The data was immediately split into train and test sets, rescaled, and then reassembled for models that require the full dataset.

full dataset randomized and scaled: [1372 rows x 5 columns]
| variance | skewness | curtosis | entropy  | targets |
|----------|----------|----------|----------|---------|
| 0.904618 | 1.601126 | -1.265374 | -1.495569 | 0.0     |
| 1.532814 | -0.691013 | -0.000450 | 0.973356 | 0.0     |
| -0.367168 | -1.662094 | 1.257462 | 0.697353 | 1.0     |
| -2.299623 | 1.344148 | -0.419396 | -2.767430 | 1.0     |
| -0.539056 | -0.520896 | 0.148416 | 0.520688 | 1.0     |
| ...      | ...      | ...      | ...      | ...     |
| 0.706408 | 0.908746 | -0.465262 | 0.769656 | 0.0     |
| 1.130878 | 0.958700 | -0.751494 | 0.639514 | 0.0     |
| -1.804741 | 0.344855 | -0.217882 | -0.196042 | 1.0     |
| -0.369069 | -0.631649 | -0.471420 | 0.563440 | 1.0     |
| 1.394944 | -1.047881 | 0.753370 | 1.083987 | 0.0     




---



## **2. Unsupervised Learning**  

### **2.1 PCA for Visualization**  
**Principal Component Analysis (PCA)** was applied to reduce the dataset to two dimensions for visualization.

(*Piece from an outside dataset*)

(* Let $\mathbf{X}$, $\mathbf{A}$ be $\sigma$-structures and $k\ge1$. Then $\mathrm{SA}^k(\mathbf{X},\mathbf{A})$ is feasible if and only if $\mathrm{SA}^1(\mathbf{X}^{*k},\mathbf{A}^{*k})$ is feasible.
   Context: A signature $\sigma$ is a finite set of relation symbols with arities $\operatorname{ar}(R)\ge1$; a $\sigma$-structure $\mathbf{A}$ has finite universe $A$ and relations $R^\mathbf{A}\subseteq A^{\operatorname{ar}(R)}$. Constraints: $\mathcal{C}_\mathbf{A}=\{R(\mathbf{a}):R\in\sigma,\mathbf{a}\in R^\mathbf{A}\}$ (formal symbols). For a tuple $\mathbf{a}$, $a_i$ is its $i$-th entry, $\{\mathbf{a}\}$ its set of entries; for $\mathbf{a}\in A^j$ and $\mathbf{i}=(i_1,\dots,i_n)\in[j]^n$, $\pi_\mathbf{i}\mathbf{a}=(a_{i_1},\dots,a_{i_n})$. $\mathrm{SA}^k(\mathbf{X},\mathbf{A})$: variables $p_V(f)\in[0,1]$ for $V\subseteq X$ with $1\le|V|\le k$ and $f:V\to A$, and $p_{R(\mathbf{x})}(f)\in[0,1]$ for $R(\mathbf{x})\in\mathcal{C}_\mathbf{X}$ and $f:\{\mathbf{x}\}\to A$; constraints: $\sum_{f:V\to A}p_V(f)=1$ for each $V$; $p_U(f)=\sum_{g:V\to A,\,g|_U=f}p_V(g)$ for $U\subseteq V\subseteq X$, $|V|\le k$ (nonempty $U$), $f:U\to A$; $p_U(f)=\sum_{g:\{\mathbf{x}\}\to A,\,g|_U=f}p_{R(\mathbf{x})}(g)$ for $R(\mathbf{x})\in\mathcal{C}_\mathbf{X}$, nonempty $U\subseteq\{\mathbf{x}\}$ with $|U|\le k$, $f:U\to A$; $p_{R(\mathbf{x})}(f)=0$ whenever $f(\mathbf{x})\notin R^\mathbf{A}$. Feasible means it has a rational solution. ($\mathrm{SA}^1$ is the case $k=1$.) For $k\ge1$, $\mathbf{A}^{*k}$ is the structure with universe $\bigcup_{1\le j\le k}A^j\cup\mathcal{C}_\mathbf{A}$ (disjoint) over signature $\sigma^*_k$ with relations: unary $T_{j,S}=\{\mathbf{a}\in A^j: a_i=a_{i'}\ \forall i,i'\in S\}$ for $j\le k$, $S\subseteq[j]$; binary $T_{j,\mathbf{i}}=\{(\mathbf{a},\pi_\mathbf{i}\mathbf{a}):\mathbf{a}\in A^j\}$ for $j,j'\le k$, $\mathbf{i}\in[j]^{j'}$; unary $R_S=\{R(\mathbf{a}):\mathbf{a}\in R^\mathbf{A},\ a_i=a_{i'}\ \forall i,i'\in S\}$ for $R\in\sigma$, $S\subseteq[\operatorname{ar}(R)]$; binary $R_\mathbf{i}=\{(R(\mathbf{a}),\pi_\mathbf{i}\mathbf{a}):\mathbf{a}\in R^\mathbf{A}\}$ for $R\in\sigma$, $j\le k$, $\mathbf{i}\in[\operatorname{ar}(R)]^j$. *)

theory Defs
  imports Complex_Main "HOL-Library.FuncSet"
begin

The first two principal components were plotted, with points colored by their actual class labels.

**Observations (from plot):**  
- The classes are **not linearly separable** in this reduced space.  
- Some overlap between clusters suggests that linear models might struggle with classification.  



![PCA](PCA.png)

### **2.2 K-Means Clustering**  
**K-Means clustering** was applied with `k=2` (assuming two clusters).  

**Results:**  
- When using **only the first two PCA components**, k-means **misclassified several points**, showing that a 2D projection may not contain enough information.  
- When using **all features**, clustering improved but misclassifications persisted.   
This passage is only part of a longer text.